%%
lemma gap_threshold_index:
  fixes x :: "nat \<Rightarrow> real"
  assumes lim: "x \<longlonglongrightarrow> 0"
    and gap: "\<And>n. n \<ge> 1 \<Longrightarrow> x (Suc n) - x (Suc (Suc n)) \<le> x n - x (Suc n)"
    and delta: "delta > 0"
  obtains K where "K \<ge> 1"
    "\<And>n. 1 \<le> n \<Longrightarrow> n < K \<Longrightarrow> delta \<le> x n - x (Suc n)"
    "\<And>n. K \<le> n \<Longrightarrow> x n - x (Suc n) < delta"
proof -
  define P where "P = (\<lambda>n. 1 \<le> n \<and> x n - x (Suc n) < delta)"
  have "(\<lambda>n. x n - x (Suc n)) \<longlonglongrightarrow> 0 - 0"
    by (intro tendsto_diff lim LIMSEQ_Suc)
  then have "eventually (\<lambda>n. x n - x (Suc n) < delta) sequentially"
    using delta by (intro order_tendstoD(2)) auto
  then obtain N where N: "\<And>n. n \<ge> N \<Longrightarrow> x n - x (Suc n) < delta"
    unfolding eventually_sequentially by blast
  have "P (max N 1)" unfolding P_def using N by auto
  define K where "K = (LEAST n. P n)"
  have PK: "P K" unfolding K_def by (rule LeastI) fact
  then have K1: "K \<ge> 1" by (simp add: P_def)
  have gap_mono: "x n - x (Suc n) \<le> x K - x (Suc K)" if "K \<le> n" for n
    using that
  proof (induction n rule: dec_induct)
    case (step k)
    then show ?case using gap[of k] K1 by linarith
  qed simp
  show ?thesis
  proof (rule that[OF K1])
    fix n assume n: "1 \<le> n" "n < K"
    have "\<not> P n" using n(2) unfolding K_def by (rule not_less_Least)
    then show "delta \<le> x n - x (Suc n)" using n(1) by (simp add: P_def)
  next
    fix n assume "K \<le> n"
    then show "x n - x (Suc n) < delta" using gap_mono PK by (fastforce simp: P_def)
  qed
qed

text \<open>Lower bound, part 1: if the first K-1 gaps are at least 2e, the e-intervals
  around x 1, ..., x K are pairwise disjoint.\<close>
lemma measure_eps_nbhd_seq_separated:
  fixes x :: "nat \<Rightarrow> real"
  assumes pos: "\<And>n. n \<ge> 1 \<Longrightarrow> x n > 0"
    and dec: "\<And>n. n \<ge> 1 \<Longrightarrow> x (Suc n) < x n"
    and sep: "\<And>n. 1 \<le> n \<Longrightarrow> n < K \<Longrightarrow> 2*e \<le> x n - x (Suc n)"
    and e: "e > 0"
  shows "2*e*K \<le> measure lebesgue (eps_nbhd {x n | n. n \<ge> 1} e)"
proof -
  let ?S = "{x n | n. n \<ge> 1}"
  have ne: "?S \<noteq> {}" by auto
  define I where "I = (\<lambda>n. {x n - e<..<x n + e})"
  have far: "2*e \<le> x m - x n" if mn: "1 \<le> m" "m < n" "n \<le> K" for m n
  proof -
    obtain p where p: "n = Suc p" using mn(2) by (cases n) auto
    have "x p \<le> x m" using decreasing_seq_mono[of x, OF dec, of m p] mn p by auto
    moreover have "2*e \<le> x p - x n" using sep[of p] mn p by auto
    ultimately show ?thesis by linarith
  qed
  have disj: "pairwise (\<lambda>i j. disjnt (I i) (I j)) {1..K}"
  proof (rule pairwiseI)
    fix i j assume "i \<in> {1..K}" "j \<in> {1..K}" "i \<noteq> j"
    then consider "1 \<le> i" "i < j" "j \<le> K" | "1 \<le> j" "j < i" "i \<le> K" by fastforce
    then show "disjnt (I i) (I j)"
      by cases (use far in \<open>fastforce simp: disjnt_def I_def\<close>)+
  qed
  have "(\<Union>n\<in>{1..K}. I n) \<subseteq> eps_nbhd ?S e"
  proof
    fix y assume "y \<in> (\<Union>n\<in>{1..K}. I n)"
    then obtain n where "n \<in> {1..K}" "y \<in> I n" by auto
    then show "y \<in> eps_nbhd ?S e" unfolding mem_eps_nbhd_iff[OF ne]
      by (intro bexI[of _ "x n"]) (auto simp: I_def dist_real_def abs_less_iff)
  qed
  then have "measure lebesgue (\<Union>n\<in>{1..K}. I n) \<le> measure lebesgue (eps_nbhd ?S e)"
    using eps_nbhd_lmeasurable[OF ne decreasing_seq_terms_subset[of x, OF pos dec]]
    by (intro measure_mono_fmeasurable) (auto simp: I_def)
  moreover have "measure lebesgue (\<Union>n\<in>{1..K}. I n) = (\<Sum>n\<in>{1..K}. measure lebesgue (I n))"
    by (intro measure_UNION' disj) (auto simp: I_def)
  moreover have "(\<Sum>n\<in>{1..K}. measure lebesgue (I n)) = 2*e*K"
    using e by (simp add: I_def)
  ultimately show ?thesis by simp
qed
%%
Please report, as a bare number, how many lines of the data contain the word "delta".

9